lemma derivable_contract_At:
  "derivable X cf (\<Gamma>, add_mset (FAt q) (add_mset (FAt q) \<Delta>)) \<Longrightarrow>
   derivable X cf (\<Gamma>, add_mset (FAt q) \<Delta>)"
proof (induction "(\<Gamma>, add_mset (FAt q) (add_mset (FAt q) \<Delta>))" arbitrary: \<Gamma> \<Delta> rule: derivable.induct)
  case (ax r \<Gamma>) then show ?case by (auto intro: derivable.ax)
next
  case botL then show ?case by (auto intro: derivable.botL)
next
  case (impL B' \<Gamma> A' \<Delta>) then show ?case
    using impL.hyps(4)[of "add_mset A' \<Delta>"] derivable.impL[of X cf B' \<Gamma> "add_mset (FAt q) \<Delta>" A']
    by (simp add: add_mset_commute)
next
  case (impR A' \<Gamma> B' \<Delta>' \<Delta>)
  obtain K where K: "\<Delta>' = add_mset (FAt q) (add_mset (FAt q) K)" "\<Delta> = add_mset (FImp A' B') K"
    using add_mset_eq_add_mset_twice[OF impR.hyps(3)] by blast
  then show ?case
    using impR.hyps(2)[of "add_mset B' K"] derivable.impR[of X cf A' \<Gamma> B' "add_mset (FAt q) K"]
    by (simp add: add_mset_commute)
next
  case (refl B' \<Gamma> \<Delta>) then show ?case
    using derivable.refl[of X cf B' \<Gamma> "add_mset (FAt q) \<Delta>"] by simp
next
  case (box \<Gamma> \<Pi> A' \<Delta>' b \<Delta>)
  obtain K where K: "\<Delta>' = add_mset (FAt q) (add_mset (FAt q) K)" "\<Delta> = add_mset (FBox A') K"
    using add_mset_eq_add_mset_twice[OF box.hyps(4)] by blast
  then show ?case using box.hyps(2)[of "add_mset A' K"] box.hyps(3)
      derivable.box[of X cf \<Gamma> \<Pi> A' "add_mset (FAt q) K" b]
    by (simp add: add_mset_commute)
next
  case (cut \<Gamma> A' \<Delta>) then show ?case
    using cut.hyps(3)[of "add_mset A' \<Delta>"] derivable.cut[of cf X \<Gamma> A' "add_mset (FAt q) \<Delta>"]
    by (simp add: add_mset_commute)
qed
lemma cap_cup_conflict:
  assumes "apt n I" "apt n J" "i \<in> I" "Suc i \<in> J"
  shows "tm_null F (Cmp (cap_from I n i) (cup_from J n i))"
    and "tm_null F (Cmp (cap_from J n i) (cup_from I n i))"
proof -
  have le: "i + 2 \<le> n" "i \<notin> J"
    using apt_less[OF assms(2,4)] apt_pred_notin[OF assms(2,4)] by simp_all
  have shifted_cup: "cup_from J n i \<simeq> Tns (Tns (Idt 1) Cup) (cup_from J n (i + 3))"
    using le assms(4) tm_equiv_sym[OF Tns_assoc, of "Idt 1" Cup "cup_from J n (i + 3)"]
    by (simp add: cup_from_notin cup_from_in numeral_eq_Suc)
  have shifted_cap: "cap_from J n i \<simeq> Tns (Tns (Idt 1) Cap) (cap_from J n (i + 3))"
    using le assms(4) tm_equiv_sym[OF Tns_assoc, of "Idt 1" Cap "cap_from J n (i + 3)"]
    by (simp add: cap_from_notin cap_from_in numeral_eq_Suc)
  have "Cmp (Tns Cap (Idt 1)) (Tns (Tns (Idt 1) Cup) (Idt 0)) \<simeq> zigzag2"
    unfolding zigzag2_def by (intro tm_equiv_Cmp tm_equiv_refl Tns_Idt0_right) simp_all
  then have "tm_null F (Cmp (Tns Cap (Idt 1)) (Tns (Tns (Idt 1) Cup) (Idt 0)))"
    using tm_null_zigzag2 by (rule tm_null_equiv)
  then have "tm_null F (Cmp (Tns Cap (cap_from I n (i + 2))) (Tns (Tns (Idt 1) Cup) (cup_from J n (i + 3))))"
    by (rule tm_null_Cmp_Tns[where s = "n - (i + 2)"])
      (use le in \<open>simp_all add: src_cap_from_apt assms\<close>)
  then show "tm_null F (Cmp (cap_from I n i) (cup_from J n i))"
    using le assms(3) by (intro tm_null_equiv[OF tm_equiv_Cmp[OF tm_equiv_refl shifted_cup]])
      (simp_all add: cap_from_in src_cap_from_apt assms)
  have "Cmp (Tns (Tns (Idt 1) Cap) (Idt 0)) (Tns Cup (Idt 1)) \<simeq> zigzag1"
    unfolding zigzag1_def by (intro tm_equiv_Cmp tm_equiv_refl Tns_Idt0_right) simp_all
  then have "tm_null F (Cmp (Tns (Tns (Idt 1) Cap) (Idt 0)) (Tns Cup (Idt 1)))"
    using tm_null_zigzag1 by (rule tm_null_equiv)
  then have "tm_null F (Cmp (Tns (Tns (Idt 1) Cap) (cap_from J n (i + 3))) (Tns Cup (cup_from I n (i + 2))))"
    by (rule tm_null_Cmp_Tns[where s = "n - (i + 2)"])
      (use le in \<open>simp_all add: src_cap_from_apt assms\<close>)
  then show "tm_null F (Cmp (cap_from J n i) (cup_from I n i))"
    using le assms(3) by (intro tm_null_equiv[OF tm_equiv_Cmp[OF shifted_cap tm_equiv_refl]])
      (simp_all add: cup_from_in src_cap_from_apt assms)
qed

┄┄┄┄┄┄┄┄┄┄┄┄┄┄┄┄┄┄┄┄

● **Exercise prompt**: Reproduce the final stretch of the data above: every line from the one holding "tm_equiv_Cmp[OF shifted_cap tm_equiv_refl]])" through the end, inclusive, exactly as written and nothing else.

● **Task result**:
    using le assms(3) by (intro tm_null_equiv[OF tm_equiv_Cmp[OF shifted_cap tm_equiv_refl]])
      (simp_all add: cup_from_in src_cap_from_apt assms)
qed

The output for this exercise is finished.